-------- EXERCISE DATA --------

lemma abs_Ham_diff_le_state:
  assumes "coercive_hamiltonian Lt q0 (f2 x \<mu>) (l2 x \<mu>) C C1 C2 C3"
    and "coercive_hamiltonian Lt q0 (f2 y \<beta>) (l2 y \<beta>) C C1 C2 C3"
    and f_diff: "\<And>q. q \<in> Lt \<Longrightarrow> norm (f1 x \<mu> - f1 y \<beta>) + norm (f2 x \<mu> q - f2 y \<beta> q) \<le> L"
    and l_diff: "\<And>q. q \<in> Lt \<Longrightarrow> \<bar>l1 x \<mu> - l1 y \<beta>\<bar> + \<bar>l2 x \<mu> q - l2 y \<beta> q\<bar> \<le> L"
  shows "\<bar>Ham f1 f2 l1 l2 Lt x \<mu> p - Ham f1 f2 l1 l2 Lt y \<beta> p\<bar> \<le> L * (1 + norm p)"
proof -
  interpret x\<mu>: coercive_hamiltonian Lt q0 "f2 x \<mu>" "l2 x \<mu>" C C1 C2 C3 by fact
  interpret y\<beta>: coercive_hamiltonian Lt q0 "f2 y \<beta>" "l2 y \<beta>" C C1 C2 C3 by fact
  have "\<bar>x\<mu>.integrand (f1 x \<mu>) (l1 x \<mu>) p q - y\<beta>.integrand (f1 y \<beta>) (l1 y \<beta>) p q\<bar> \<le> L * (1 + norm p)"
    if q: "q \<in> Lt" for q
  proof -
    let ?df = "(f1 x \<mu> - f1 y \<beta>) + (f2 x \<mu> q - f2 y \<beta> q)"
    let ?dl = "(l1 x \<mu> - l1 y \<beta>) + (l2 x \<mu> q - l2 y \<beta> q)"
    have "\<bar>inner ?df p\<bar> \<le> norm ?df * norm p"
      by (rule Cauchy_Schwarz_ineq2)
    also have "\<dots> \<le> L * norm p"
      using norm_triangle_ineq[of "f1 x \<mu> - f1 y \<beta>" "f2 x \<mu> q - f2 y \<beta> q"] f_diff[OF q]
      by (intro mult_right_mono) auto
    moreover have "\<bar>?dl\<bar> \<le> L"
      using abs_triangle_ineq[of "l1 x \<mu> - l1 y \<beta>" "l2 x \<mu> q - l2 y \<beta> q"] l_diff[OF q] by linarith
    moreover have "x\<mu>.integrand (f1 x \<mu>) (l1 x \<mu>) p q - y\<beta>.integrand (f1 y \<beta>) (l1 y \<beta>) p q
        = inner ?df p + ?dl"
      by (simp add: inner_diff_left inner_add_left algebra_simps)
    moreover have "L * (1 + norm p) = L * norm p + L"
      by (simp add: algebra_simps)
    ultimately show ?thesis
      using abs_triangle_ineq[of "inner ?df p" ?dl] by linarith
  qed
  then show ?thesis
    unfolding Ham_def using x\<mu>.q0_in
    by (intro abs_Inf_image_diff_le x\<mu>.bdd_below_integrand y\<beta>.bdd_below_integrand) auto
qed

lemma abs_Ham_diff_le_costate:
  fixes f1 :: "'h::{real_inner, second_countable_topology} \<Rightarrow> 'h measure \<Rightarrow> 'h"
  assumes "coercive_hamiltonian Lt q0 (f2 x \<mu>) (l2 x \<mu>) C C1 C2 C3"
    and f1_lip: "\<And>x y \<mu> \<beta>. \<mu> \<in> P2 \<Longrightarrow> \<beta> \<in> P2 \<Longrightarrow> norm (f1 x \<mu> - f1 y \<beta>) \<le> C * (norm (x - y) + d_r r \<mu> \<beta>)"
    and "0 < r" "r \<le> 2" "\<mu> \<in> P2"
    and K: "norm (f1 0 (return borel 0)) + C * (1 + coercive_hamiltonian.radius q0 C C1 C2 C3) \<le> K"
  shows "\<bar>Ham f1 f2 l1 l2 Lt x \<mu> p - Ham f1 f2 l1 l2 Lt x \<mu> p'\<bar>
    \<le> K * (1 + norm x + moment norm r \<mu> powr (1 / r) + norm p + norm p') * norm (p - p')"
proof -
  interpret coercive_hamiltonian Lt q0 "f2 x \<mu>" "l2 x \<mu>" C C1 C2 C3 by fact
  let ?F0 = "norm (f1 0 (return borel 0))" and ?M = "moment norm r \<mu> powr (1 / r)"
  have K': "?F0 + C + C * radius \<le> K"
    using K by (simp add: algebra_simps)
  have "0 \<le> ?F0" "0 \<le> C * radius"
    using C_nonneg radius_nonneg by simp_all
  then have "C \<le> K" and "C * radius \<le> K"
    using K' C_nonneg by linarith+
  then have "C * norm x \<le> K * norm x" "C * ?M \<le> K * ?M"
    "C * radius * norm p \<le> K * norm p" "C * radius * norm p' \<le> K * norm p'"
    by (intro mult_right_mono; simp)+
  moreover have "norm (f1 x \<mu>) \<le> ?F0 + C * norm x + C * ?M"
    using norm_le_of_lipschitz_P2[OF f1_lip C_nonneg assms(3-5), of x] by (simp add: distrib_left)
  moreover have "K * (1 + norm x + ?M + norm p + norm p') = K + K * norm x + K * ?M + K * norm p + K * norm p'"
    "C * radius * (norm p + norm p') = C * radius * norm p + C * radius * norm p'"
    by (simp_all add: algebra_simps)
  ultimately have "norm (f1 x \<mu>) + C * (1 + radius) + C * radius * (norm p + norm p')
      \<le> K * (1 + norm x + ?M + norm p + norm p')"
    using K by linarith
  moreover have "\<bar>Ham f1 f2 l1 l2 Lt x \<mu> p - Ham f1 f2 l1 l2 Lt x \<mu> p'\<bar>
      \<le> (norm (f1 x \<mu>) + C * (1 + radius) + C * radius * (norm p + norm p')) * norm (p - p')"
    using abs_ham_diff_le[where a = "f1 x \<mu>" and c = "l1 x \<mu>" and p = p and p' = p'] by (simp add: Ham_def)
  ultimately show ?thesis
    by (meson mult_right_mono norm_ge_zero order_trans)
qed

theorem lemma4p10:
  fixes B :: "'h::{real_inner, complete_space, second_countable_topology} \<Rightarrow> 'h"
    and Lt :: "'l::{real_inner, complete_space, second_countable_topology} set"
    and f1 :: "'h \<Rightarrow> 'h measure \<Rightarrow> 'h"
    and f2 :: "'h \<Rightarrow> 'h measure \<Rightarrow> 'l \<Rightarrow> 'h"
    and l1 :: "'h \<Rightarrow> 'h measure \<Rightarrow> real"
    and l2 :: "'h \<Rightarrow> 'h measure \<Rightarrow> 'l \<Rightarrow> real"
    and r C C1 C2 C3 :: real
  assumes r: "1 \<le> r" "r < 2"
    and Lt: "convex Lt" "Lt \<noteq> {}"
    and B_lin: "bounded_linear B"
    and B_sym: "\<And>x y. inner (B x) y = inner x (B y)"
    and B_pos: "\<And>x. x \<noteq> 0 \<Longrightarrow> inner (B x) x > 0"
    and Cpos: "C \<ge> 0" "C1 \<ge> 0" "C2 > 0" "C3 > 0"
    and f_mono: "\<And>x y \<mu> \<beta> q. \<mu> \<in> P2 \<Longrightarrow> \<beta> \<in> P2 \<Longrightarrow> q \<in> Lt \<Longrightarrow>
        inner ((f1 x \<mu> + f2 x \<mu> q) - (f1 y \<beta> + f2 y \<beta> q)) (B (x - y))
          \<le> C * ((norm_m1 B (x - y))\<^sup>2 + (wass (norm_m1 B) r \<mu> \<beta>)\<^sup>2)"
    and f_lip: "\<And>x y \<mu> \<beta> q. \<mu> \<in> P2 \<Longrightarrow> \<beta> \<in> P2 \<Longrightarrow> q \<in> Lt \<Longrightarrow>
        norm (f1 x \<mu> - f1 y \<beta>) + norm (f2 x \<mu> q - f2 y \<beta> q)
          \<le> C * (norm (x - y) + d_r r \<mu> \<beta>)"
    and f_growth: "\<And>x \<mu> q. \<mu> \<in> P2 \<Longrightarrow> q \<in> Lt \<Longrightarrow>
        norm_m1 B (f1 x \<mu> + f2 x \<mu> q)
          \<le> C * (1 + norm_m1 B x + moment (norm_m1 B) r \<mu> powr (1 / r) + norm q)"
    and f2_bound: "\<And>x \<mu> q. \<mu> \<in> P2 \<Longrightarrow> q \<in> Lt \<Longrightarrow> norm (f2 x \<mu> q) \<le> C * (1 + norm q)"
    and l1_cont: "\<And>xs x \<mu>s \<mu>. (\<forall>n. \<mu>s n \<in> P2) \<Longrightarrow> \<mu> \<in> P2 \<Longrightarrow> xs \<longlonglongrightarrow> x \<Longrightarrow>
        (\<lambda>n. d_r 2 (\<mu>s n) \<mu>) \<longlonglongrightarrow> 0 \<Longrightarrow> (\<lambda>n. l1 (xs n) (\<mu>s n)) \<longlonglongrightarrow> l1 x \<mu>"
    and l2_cont: "\<And>xs x \<mu>s \<mu> qs q. (\<forall>n. \<mu>s n \<in> P2) \<Longrightarrow> \<mu> \<in> P2 \<Longrightarrow> xs \<longlonglongrightarrow> x \<Longrightarrow>
        (\<lambda>n. d_r 2 (\<mu>s n) \<mu>) \<longlonglongrightarrow> 0 \<Longrightarrow> qs \<longlonglongrightarrow> q \<Longrightarrow>
        (\<lambda>n. l2 (xs n) (\<mu>s n) (qs n)) \<longlonglongrightarrow> l2 x \<mu> q"
    and l_lip: "\<And>x y \<mu> \<beta> q. \<mu> \<in> P2 \<Longrightarrow> \<beta> \<in> P2 \<Longrightarrow> q \<in> Lt \<Longrightarrow>
        \<bar>l1 x \<mu> - l1 y \<beta>\<bar> + \<bar>l2 x \<mu> q - l2 y \<beta> q\<bar>
          \<le> C * (norm_m1 B (x - y) + wass (norm_m1 B) r \<mu> \<beta>)"
    and l2_bounds: "\<And>x \<mu> q. \<mu> \<in> P2 \<Longrightarrow> q \<in> Lt \<Longrightarrow>
        - C1 + C2 * (norm q)\<^sup>2 \<le> l2 x \<mu> q \<and> l2 x \<mu> q \<le> C1 + C3 * (norm q)\<^sup>2"
  shows "\<exists>K\<ge>0.
     (\<forall>x \<mu> p p'. \<mu> \<in> P2 \<longrightarrow>
        \<bar>Ham f1 f2 l1 l2 Lt x \<mu> p - Ham f1 f2 l1 l2 Lt x \<mu> p'\<bar>
          \<le> K * (1 + norm x + moment norm r \<mu> powr (1 / r) + norm p + norm p') * norm (p - p')) \<and>
     (\<forall>x y \<mu> \<beta> p. \<mu> \<in> P2 \<longrightarrow> \<beta> \<in> P2 \<longrightarrow>
        \<bar>Ham f1 f2 l1 l2 Lt x \<mu> p - Ham f1 f2 l1 l2 Lt y \<beta> p\<bar>
          \<le> K * (norm (x - y) + d_r r \<mu> \<beta>) * (1 + norm p))"
proof -
  obtain q0 where q0: "q0 \<in> Lt"
    using Lt(2) by blast
  have coercive: "coercive_hamiltonian Lt q0 (f2 x \<mu>) (l2 x \<mu>) C C1 C2 C3" if "\<mu> \<in> P2" for x \<mu>
    using q0 f2_bound[OF that] l2_bounds[OF that] Cpos by unfold_locales auto
  have f1_lip: "norm (f1 x \<mu> - f1 y \<beta>) \<le> C * (norm (x - y) + d_r r \<mu> \<beta>)"
    if "\<mu> \<in> P2" "\<beta> \<in> P2" for x y \<mu> \<beta>
    using f_lip[OF that q0, of x y] norm_ge_zero[of "f2 x \<mu> q0 - f2 y \<beta> q0"] by linarith
  have B_nonneg: "0 \<le> inner (B z) z" for z
    using B_pos[of z] by (cases "z = 0") auto
  define R where "R = coercive_hamiltonian.radius q0 C C1 C2 C3"
  define K where "K = norm (f1 0 (return borel 0)) + C * (1 + R + sqrt (onorm B))"
  have "0 \<le> R"
    unfolding R_def using coercive_hamiltonian.radius_nonneg[OF coercive[OF P2_return_0]] .
  then have K: "norm (f1 0 (return borel 0)) + C * (1 + R) \<le> K" "C \<le> K" "C * sqrt (onorm B) \<le> K"
    using Cpos(1) onorm_pos_le[OF B_lin] by (auto simp: K_def algebra_simps)
  show ?thesis
  proof (intro exI[of _ K] conjI allI impI)
    show "0 \<le> K"
      using K(2) Cpos(1) by linarith
  next
    fix x p p' :: 'h and \<mu> :: "'h measure"
    assume "\<mu> \<in> P2"
    show "\<bar>Ham f1 f2 l1 l2 Lt x \<mu> p - Ham f1 f2 l1 l2 Lt x \<mu> p'\<bar>
        \<le> K * (1 + norm x + moment norm r \<mu> powr (1 / r) + norm p + norm p') * norm (p - p')"
      using r K(1) unfolding R_def
      by (intro abs_Ham_diff_le_costate[where ?f1.0 = f1 and ?f2.0 = f2 and ?l2.0 = l2 and x = x and \<mu> = \<mu>,
          OF coercive[OF \<open>\<mu> \<in> P2\<close>] f1_lip _ _ \<open>\<mu> \<in> P2\<close>]) auto
  next
    fix x y p :: 'h and \<mu> \<beta> :: "'h measure"
    assume P2: "\<mu> \<in> P2" "\<beta> \<in> P2"
    let ?D = "norm (x - y) + d_r r \<mu> \<beta>"
    have "C * ?D \<le> K * ?D" "C * sqrt (onorm B) * ?D \<le> K * ?D"
      using K(2,3) by (intro mult_right_mono; simp add: wass_def)+
    moreover have "C * (norm_m1 B (x - y) + wass (norm_m1 B) r \<mu> \<beta>) \<le> C * sqrt (onorm B) * ?D"
      using mult_left_mono[OF norm_m1_add_wass_le[OF B_lin B_nonneg P2] Cpos(1)] r by (simp add: mult.assoc)
    ultimately show "\<bar>Ham f1 f2 l1 l2 Lt x \<mu> p - Ham f1 f2 l1 l2 Lt y \<beta> p\<bar> \<le> K * ?D * (1 + norm p)"
      using f_lip[OF P2] l_lip[OF P2]
      by (intro abs_Ham_diff_le_state[OF coercive[OF P2(1), of x] coercive[OF P2(2), of y]])
        (meson order_trans)+
  qed
qed

end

--------

:: EXERCISE INSTRUCTIONS ::
Copy out the range of lines above starting at the line with "using B_pos[of z]" and ending at the line with "p\<bar> \<le> K", exactly and including both.

:: RESPONSE TO THIS EXERCISE ::
    using B_pos[of z] by (cases "z = 0") auto
  define R where "R = coercive_hamiltonian.radius q0 C C1 C2 C3"
  define K where "K = norm (f1 0 (return borel 0)) + C * (1 + R + sqrt (onorm B))"
  have "0 \<le> R"
    unfolding R_def using coercive_hamiltonian.radius_nonneg[OF coercive[OF P2_return_0]] .
  then have K: "norm (f1 0 (return borel 0)) + C * (1 + R) \<le> K" "C \<le> K" "C * sqrt (onorm B) \<le> K"
    using Cpos(1) onorm_pos_le[OF B_lin] by (auto simp: K_def algebra_simps)
  show ?thesis
  proof (intro exI[of _ K] conjI allI impI)
    show "0 \<le> K"
      using K(2) Cpos(1) by linarith
  next
    fix x p p' :: 'h and \<mu> :: "'h measure"
    assume "\<mu> \<in> P2"
    show "\<bar>Ham f1 f2 l1 l2 Lt x \<mu> p - Ham f1 f2 l1 l2 Lt x \<mu> p'\<bar>
        \<le> K * (1 + norm x + moment norm r \<mu> powr (1 / r) + norm p + norm p') * norm (p - p')"
      using r K(1) unfolding R_def
      by (intro abs_Ham_diff_le_costate[where ?f1.0 = f1 and ?f2.0 = f2 and ?l2.0 = l2 and x = x and \<mu> = \<mu>,
          OF coercive[OF \<open>\<mu> \<in> P2\<close>] f1_lip _ _ \<open>\<mu> \<in> P2\<close>]) auto
  next
    fix x y p :: 'h and \<mu> \<beta> :: "'h measure"
    assume P2: "\<mu> \<in> P2" "\<beta> \<in> P2"
    let ?D = "norm (x - y) + d_r r \<mu> \<beta>"
    have "C * ?D \<le> K * ?D" "C * sqrt (onorm B) * ?D \<le> K * ?D"
      using K(2,3) by (intro mult_right_mono; simp add: wass_def)+
    moreover have "C * (norm_m1 B (x - y) + wass (norm_m1 B) r \<mu> \<beta>) \<le> C * sqrt (onorm B) * ?D"
      using mult_left_mono[OF norm_m1_add_wass_le[OF B_lin B_nonneg P2] Cpos(1)] r by (simp add: mult.assoc)
    ultimately show "\<bar>Ham f1 f2 l1 l2 Lt x \<mu> p - Ham f1 f2 l1 l2 Lt y \<beta> p\<bar> \<le> K * ?D * (1 + norm p)"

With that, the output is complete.